Adding Transations to any existing API
In the very exact same vein, the whole transaction stuff should be delegated. It should be assumed that in the current unit of work (UoW), one is always in a transaction. The only way to abort a transaction is to throw an exception. If returning, it is assumed that everything went OK, and the eventual changes are to be committed.
This enables a very nice behavior: transparent batching.
A well known fact is that batching is much more efficient than unit processing. But then with batching, we loose nice transaction capabilities. Moreover, mixing transactions & batching is usually very painful, as the error handling is usually very business specific.

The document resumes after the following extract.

(* Let $(x,y,p)$ be an optimal solution of the RMP with optimal value $z^{\mathit{RMP}}$ and let $(\alpha,\beta,\gamma,\delta,\mu,\phi,\psi)$ be an optimal solution of the DRMP, with characteristic lifting $(\alpha,\check\beta,\gamma,\check\delta,\mu,\phi,\psi)$. Define $$\bar c^*_b:=-\Bigl(\min_{l\in L(b),\,m\in\mathcal M}\bar c_{b,l,m}\Bigr)^-\le 0\quad(b\in\mathcal B),$$ $$\bar d^*:=-\Bigl(\min_{l\in\mathcal L\setminus\bigcap_{b\in\mathcal B}L(b)}\Bigl(-\sum_{b\in\mathcal B}\check\beta_{b,l}+\check\delta_l+\gamma-\chi_l\mu\Bigr)\Bigr)^-\le 0$$ (with $\bar d^*:=0$ if the index set is empty, and with the convention that a minimum over an empty set is $+\infty$), and the lower-bound shift $\tilde\alpha_b:=\alpha_b+\bar c^*_b$, $\tilde\beta:=\check\beta$, $\tilde\gamma:=\gamma-\bar d^*$, $\tilde\delta:=\check\delta$, $\tilde\mu:=\mu$, $\tilde\phi:=\phi$, $\tilde\psi:=\psi$. Then $(\tilde\alpha,\tilde\beta,\tilde\gamma,\tilde\delta,\tilde\mu,\tilde\phi,\tilde\psi)$ is feasible for the DMP, and its DMP objective value equals $z^{\mathit{RMP}}+\sum_{b\in\mathcal B}\bar c^*_b+k\bar d^*$. Consequently the optimal value $z^{\mathit{MP}}$ of the MP satisfies $$z^{\mathit{MP}}\ \ge\ z^{\mathit{RMP}}+\sum_{b\in\mathcal B}\bar c^*_b+k\,\bar d^*.$$
   Context: Let $\mathcal B$ (branches) and $\mathcal S$ (sizes) be finite nonempty sets, $\mathcal M\subset\mathbb N$ a finite nonempty set of multiplicities, and $\mathcal L\subset\mathbb N^{\mathcal S}$ a finite nonempty set of lot-types; for $l\in\mathcal L$ write $|l|:=\sum_{s\in\mathcal S}l_s$. Let costs $c_{b,l,m}\ge 0$ ($b\in\mathcal B,l\in\mathcal L,m\in\mathcal M$), an integer $k\ge 0$, reals $\underline I\le\overline I$ and a constant $P>0$ be given. Let $\mathcal L''\subseteq\mathcal L'\subseteq\mathcal L$, for each $b\in\mathcal B$ let $L(b)\subseteq\mathcal L'$, and for each $b$ and $l\in L(b)$ let $M(b,l)\subseteq\mathcal M$ be nonempty. Put $\chi_l:=1$ if $l\notin\mathcal L''$ and $\chi_l:=0$ if $l\in\mathcal L''$. For real $t$, $(t)^+:=\max\{t,0\}$ and $(t)^-:=\max\{-t,0\}$. Master problem (MP): the linear program in variables $x_{b,l,m}\ge0$ ($b\in\mathcal B,l\in\mathcal L,m\in\mathcal M$), $y_l\ge0$ ($l\in\mathcal L$), $p\ge 0$: minimize $\sum_{b,l,m}c_{b,l,m}x_{b,l,m}+Pp$ subject to ($\alpha_b$) $\sum_{l,m}x_{b,l,m}=1$ for all $b$; ($\beta_{b,l}$) $y_l-\sum_m x_{b,l,m}\ge 0$ for all $b,l$; ($\gamma$) $-\sum_l y_l\ge -k$; ($\delta_l$) $\sum_{b,m}x_{b,l,m}-y_l\ge0$ for all $l$; ($\mu$) $\sum_{l\in\mathcal L\setminus\mathcal L''}y_l+p\ge1$; ($\phi$) $\sum_{b,l,m}m|l|x_{b,l,m}\ge\underline I$; ($\psi$) $-\sum_{b,l,m}m|l|x_{b,l,m}\ge-\overline I$. The symbol in parentheses names the dual variable of each constraint. Restricted master problem (RMP): the same LP but containing only the variables $x_{b,l,m}$ with $l\in L(b)$, $m\in M(b,l)$, the variables $y_l$ with $l\in\mathcal L'$, and $p$; only the $\beta_{b,l}$-constraints with $l\in L(b)$ and the $\delta_l$-constraints with $l\in\mathcal L'$ are kept, and all sums are restricted to the present variables. Dual master problem (DMP): variables $\alpha_b\in\mathbb R$, $\beta_{b,l}\ge0$ (all $b\in\mathcal B,l\in\mathcal L$), $\gamma\ge0$, $\delta_l\ge0$ (all $l\in\mathcal L$), $\mu\ge0$, $\phi,\psi\ge0$; maximize $\sum_b\alpha_b-k\gamma+\underline I\phi-\overline I\psi+\mu$ subject to the $x$-constraints $\alpha_b-\beta_{b,l}+\delta_l+m|l|(\phi-\psi)\le c_{b,l,m}$ for all $b,l,m$, the $y$-constraints $\sum_{b\in\mathcal B}\beta_{b,l}-\gamma-\delta_l+\chi_l\mu\le 0$ for all $l\in\mathcal L$, and the $p$-constraint $\mu\le P$. The dual restricted master problem (DRMP) is the LP dual of the RMP: variables $\alpha_b$, $\beta_{b,l}$ ($l\in L(b)$), $\gamma$, $\delta_l$ ($l\in\mathcal L'$), $\mu,\phi,\psi$ with the same sign conditions and objective, $x$-constraints only for $l\in L(b)$, $m\in M(b,l)$, $y$-constraints $\sum_{b:\,l\in L(b)}\beta_{b,l}-\gamma-\delta_l+\chi_l\mu\le0$ for $l\in\mathcal L'$, and $\mu\le P$. Given a DRMP solution $(\alpha,\beta,\gamma,\delta,\mu,\phi,\psi)$: its canonical lifting sets $\bar\beta_{b,l}:=\beta_{b,l}$ if $l\in L(b)$ and $0$ otherwise, $\bar\delta_l:=\delta_l$ if $l\in\mathcal L'$ and $0$ otherwise. The (uncompensated) reduced cost is $\bar c_{b,l,m}:=c_{b,l,m}-\alpha_b+\bar\beta_{b,l}-\bar\delta_l-m|l|(\phi-\psi)$ for all $b\in\mathcal B,l\in\mathcal L,m\in\mathcal M$. The characteristic lifting is $(\alpha,\check\beta,\gamma,\check\delta,\mu,\phi,\psi)$ with $\check\beta_{b,l}:=\beta_{b,l}$ if $l\in L(b)$ and $\check\beta_{b,l}:=(\min_{m\in\mathcal M}\bar c_{b,l,m})^-$ if $l\in\mathcal L\setminus L(b)$; $\check\delta_l:=\delta_l$ if $l\in\mathcal L'$ and $\check\delta_l:=(\min_{b\in\mathcal B,m\in\mathcal M}\bar c_{b,l,m})^+$ if $l\in\mathcal L\setminus\mathcal L'$. *)

theory Defs
  imports Complex_Main
begin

There are various types of mixing. They are specific on what to commit, and what to rollback inside the batch of things to process:
What should be commit | Comment | Typical use case |
---|---|---|
As much as possible | This is when batching a list of similar simple objects | Massive PriceRows Updates |
Nothing | This is when batching a complex object | Order+OrderEntries+Consignments |
Some things | This is when batching a list of similar complex objects | Multiple Order+OrderEntries+Consignments |
By delegating the handling of the transaction to the caller, one can assume nothing about it. And therefore leave the error handling to the caller or to a middle layer that only handles transactions.
The middle layer can then have a very business-centric approach:
- execute the whole batch in one big transaction, and eventually if there is a failure, execute it in individual transactions. This should not be a issue for performance, as the “normal” case would be to have it working 99.5% of the time and therefore only slicing 0.5% of the batches.
- execute directly the whole batch in several bite-sized transactions (think 100 transactions of 1000 PriceRows Updates). Retry can be done if needed.
- execute the whole batch in a multithread manner, but still having several bite-sized transactions This would be done via having the business case selecting the right middle layer and leveraging that.
An example of HTTP call would be in the same cart API:
POST -d ean=9780201633610 https://eshop.com/rest/v1/carts/current/entries
[
{
"ean" : "9780131101630"
},
{
"ean" : "9780131103627"
},
{
"ean" : "9780131103627"
},
{
"ean" : "9780131103627"
}
]
< HTTP/1.1 200 OK
{
"id": "f4cdae8a-3a76-4175-b221-015ee8f21706",
"entries": 5,
"total": 356.56,
"currency": "USD"
}